lemma ex_block_diag_wt_H_le_wt_SR:
  assumes "chain_ring TYPE('r::comm_ring_1)" "is_R_basis h \<alpha>" "0 < degree h"
    and c: "\<And>t. t < sum_list ns \<Longrightarrow> (c t :: 'r poly) \<in> S_set h"
  shows "\<exists>As. inv_blocks ns As \<and>
    wt_H (sum_list ns) (vec_mat (sum_list ns) c (block_diag ns As)) \<le> wt_SR h \<alpha> ns c"
proof -
  let ?c = "\<lambda>i j. c (offs ns i + j)"
  have "\<exists>A. inv_mat (ns ! i) A \<and> wt_H (ns ! i) (vec_mat (ns ! i) (?c i) A) \<le> rk h \<alpha> (ns ! i) (?c i)"
    if "i < length ns" for i
    using ex_inv_mat_wt_H_le_rk[OF assms(1-3), of "ns ! i" "?c i"] block_in_S_set[of ns c h, OF c that]
    by blast
  then have "\<forall>i. \<exists>A. i < length ns \<longrightarrow>
      inv_mat (ns ! i) A \<and> wt_H (ns ! i) (vec_mat (ns ! i) (?c i) A) \<le> rk h \<alpha> (ns ! i) (?c i)"
    by blast
  then obtain As where As: "\<forall>i. i < length ns \<longrightarrow>
      inv_mat (ns ! i) (As i) \<and> wt_H (ns ! i) (vec_mat (ns ! i) (?c i) (As i)) \<le> rk h \<alpha> (ns ! i) (?c i)"
    by (rule choice[THEN exE]) blast
  have "wt_H (sum_list ns) (vec_mat (sum_list ns) c (block_diag ns As)) =
      (\<Sum>i<length ns. wt_H (ns ! i) (\<lambda>j. vec_mat (sum_list ns) c (block_diag ns As) (offs ns i + j)))"
    by (rule wt_H_blocks)
  also have "\<dots> = (\<Sum>i<length ns. wt_H (ns ! i) (vec_mat (ns ! i) (?c i) (As i)))"
    unfolding wt_H_def by (intro sum.cong refl arg_cong[where f = card]) (auto simp: vec_mat_block_diag)
  also have "\<dots> \<le> wt_SR h \<alpha> ns c"
    unfolding wt_SR_def using As by (intro sum_mono) auto
  finally show ?thesis
    using As by blast
qed

section \<open>Distances of codes\<close>

lemma finite_pairs_image: "finite D \<Longrightarrow> finite {f c e | c e. c \<in> D \<and> e \<in> D \<and> c \<noteq> e}"
proof -
  assume "finite D"
  then have "finite ((\<lambda>(c, e). f c e) ` (D \<times> D))"
    by simp
  moreover have "{f c e | c e. c \<in> D \<and> e \<in> D \<and> c \<noteq> e} \<subseteq> (\<lambda>(c, e). f c e) ` (D \<times> D)"
    by force
  ultimately show ?thesis
    by (rule finite_subset[rotated])
qed

lemma d_H_le: "finite D \<Longrightarrow> c \<in> D \<Longrightarrow> e \<in> D \<Longrightarrow> c \<noteq> e \<Longrightarrow> d_H n D \<le> card {j. j < n \<and> c j \<noteq> e j}"
  unfolding d_H_def by (rule Min_le) (auto intro: finite_pairs_image)

lemma d_H_attained:
  assumes "finite D" "c \<in> D" "e \<in> D" "c \<noteq> e"
  obtains c' e' where "c' \<in> D" "e' \<in> D" "c' \<noteq> e'" "d_H n D = card {j. j < n \<and> c' j \<noteq> e' j}"
proof -
  have "d_H n D \<in> {card {j. j < n \<and> c j \<noteq> e j} | c e. c \<in> D \<and> e \<in> D \<and> c \<noteq> e}"
    unfolding d_H_def by (rule Min_in) (use assms in \<open>auto intro: finite_pairs_image\<close>)
  then show ?thesis
    using that by blast
qed

lemma d_SR_le:
  "finite C \<Longrightarrow> c \<in> C \<Longrightarrow> e \<in> C \<Longrightarrow> c \<noteq> e \<Longrightarrow> d_SR h \<alpha> ns C \<le> wt_SR h \<alpha> ns (\<lambda>j. c j - e j)"
  unfolding d_SR_def by (rule Min_le) (auto intro: finite_pairs_image)

lemma d_SR_attained:
  assumes "finite C" "c \<in> C" "e \<in> C" "c \<noteq> e"
  obtains c' e' where "c' \<in> C" "e' \<in> C" "c' \<noteq> e'" "d_SR h \<alpha> ns C = wt_SR h \<alpha> ns (\<lambda>j. c' j - e' j)"
proof -
  have "d_SR h \<alpha> ns C \<in> {wt_SR h \<alpha> ns (\<lambda>j. c j - e j) | c e. c \<in> C \<and> e \<in> C \<and> c \<noteq> e}"
    unfolding d_SR_def by (rule Min_in) (use assms in \<open>auto intro: finite_pairs_image\<close>)
  then show ?thesis
    using that by blast
qed

lemma card_neq_eq_wt_H_diff:
  fixes c e :: "nat \<Rightarrow> 'a::ab_group_add"
  shows "card {j. j < n \<and> c j \<noteq> e j} = wt_H n (\<lambda>j. c j - e j)"
  unfolding wt_H_def by simp
theorem Phi_natural:
  assumes c: "c \<in> carr (Wpp H eta n)"
  shows "Phi H' eta' del' n (Wpp_map H' eta' f n c) = ker_kappa_map H' eta' f (n - 1) (Phi H eta del n c)"
proof -
  obtain s a where a: "a \<in> A.Kseq n s" "c = A.Wcls n s a"
    using c A.carr_Wpp_iff by blast
  obtain s0 d0 where r: "rep (A.Wcls n s a) = (s0, d0)"
    by (metis prod.exhaust)
  note R = A.rep_Wcls[OF a(1) r]
  have b: "(\<lambda>q. f (Fin s0) PInf n (rep d0 q)) \<in> B.Kseq n s0"
    using R(1) f_Kim by (simp add: A.Kseq_def B.Kseq_def)
  have "Phi H' eta' del' n (Wpp_map H' eta' f n c) = B.clsCL (n - 1) (s0, bdry_sums H' del' n s0 (\<lambda>q. f (Fin s0) PInf n (rep d0 q)))"
    using Wpp_map_Wcls[OF r] B.Phi_Wcls[OF b] a(2) by simp
  also have "\<dots> = ker_kappa_map H' eta' f (n - 1) (A.clsCL (n - 1) (s0, bdry_sums H del n s0 (rep d0)))"
    using ker_kappa_map_cls[OF A.bdry_sums_carr[OF R(1)]] limH_map_bdry_sums[OF R(1)] by simp
  also have "\<dots> = ker_kappa_map H' eta' f (n - 1) (Phi H eta del n c)"
    using A.Phi_Wcls[OF R(1)] R(2) a(2) by simp
  finally show ?thesis .
qed

end

theorem theorem6p7:
  "\<exists>\<Phi> :: (zinf \<Rightarrow> zinf \<Rightarrow> int \<Rightarrow> ('r::ring_1, 'a) rmod)
         \<Rightarrow> (zinf \<Rightarrow> zinf \<Rightarrow> zinf \<Rightarrow> zinf \<Rightarrow> int \<Rightarrow> 'a \<Rightarrow> 'a)
         \<Rightarrow> (zinf \<Rightarrow> zinf \<Rightarrow> zinf \<Rightarrow> int \<Rightarrow> 'a \<Rightarrow> 'a)
         \<Rightarrow> int \<Rightarrow> (int \<times> (nat \<Rightarrow> 'a) set) set \<Rightarrow> (int \<times> (int \<Rightarrow> 'a)) set.
     (\<forall>H eta del. right_CE H eta del \<longrightarrow>
        (\<forall>n. is_iso (Wpp H eta n) (ker_kappa H eta (n - 1)) (\<Phi> H eta del n)))
   \<and> (\<forall>H eta del H' eta' del' f.
        right_CE H eta del \<and> right_CE H' eta' del' \<and> right_CE_mor H eta del H' eta' del' f \<longrightarrow>
        (\<forall>n. \<forall>c\<in>carr (Wpp H eta n).
           \<Phi> H' eta' del' n (Wpp_map H' eta' f n c) = ker_kappa_map H' eta' f (n - 1) (\<Phi> H eta del n c)))"
proof (intro exI[of _ Phi] conjI allI impI ballI)
  fix H :: "zinf \<Rightarrow> zinf \<Rightarrow> int \<Rightarrow> ('r::ring_1, 'a) rmod" and eta del n
  assume "right_CE H eta del"
  then interpret right_CE_system H eta del
    by unfold_locales
  show "is_iso (Wpp H eta n) (ker_kappa H eta (n - 1)) (Phi H eta del n)"
    by (rule Phi_iso)
next
  fix H :: "zinf \<Rightarrow> zinf \<Rightarrow> int \<Rightarrow> ('r::ring_1, 'a) rmod" and eta del H' eta' del' f n c
  assume "right_CE H eta del \<and> right_CE H' eta' del' \<and> right_CE_mor H eta del H' eta' del' f"
    and c: "c \<in> carr (Wpp H eta n)"
  then interpret right_CE_morphism H eta del H' eta' del' f
    by (simp add: right_CE_morphism_def right_CE_morphism_axioms_def right_CE_system_def)
  show "Phi H' eta' del' n (Wpp_map H' eta' f n c) = ker_kappa_map H' eta' f (n - 1) (Phi H eta del n c)"
    by (rule Phi_natural[OF c])
qed

end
━━━━━━━━━━━━━━━━━━━━━━━━━━━━━━
GOAL OF THE EXERCISE: Take the records above and return, word for word, only the lines that fall from the line with "d0 q)) \<in>" to the line with "(zinf \<Rightarrow> zinf \<Rightarrow> zinf \<Rightarrow> zinf", both of them included.

RESULT OF THIS TASK:
  have b: "(\<lambda>q. f (Fin s0) PInf n (rep d0 q)) \<in> B.Kseq n s0"
    using R(1) f_Kim by (simp add: A.Kseq_def B.Kseq_def)
  have "Phi H' eta' del' n (Wpp_map H' eta' f n c) = B.clsCL (n - 1) (s0, bdry_sums H' del' n s0 (\<lambda>q. f (Fin s0) PInf n (rep d0 q)))"
    using Wpp_map_Wcls[OF r] B.Phi_Wcls[OF b] a(2) by simp
  also have "\<dots> = ker_kappa_map H' eta' f (n - 1) (A.clsCL (n - 1) (s0, bdry_sums H del n s0 (rep d0)))"
    using ker_kappa_map_cls[OF A.bdry_sums_carr[OF R(1)]] limH_map_bdry_sums[OF R(1)] by simp
  also have "\<dots> = ker_kappa_map H' eta' f (n - 1) (Phi H eta del n c)"
    using A.Phi_Wcls[OF R(1)] R(2) a(2) by simp
  finally show ?thesis .
qed

end

theorem theorem6p7:
  "\<exists>\<Phi> :: (zinf \<Rightarrow> zinf \<Rightarrow> int \<Rightarrow> ('r::ring_1, 'a) rmod)
         \<Rightarrow> (zinf \<Rightarrow> zinf \<Rightarrow> zinf \<Rightarrow> zinf \<Rightarrow> int \<Rightarrow> 'a \<Rightarrow> 'a)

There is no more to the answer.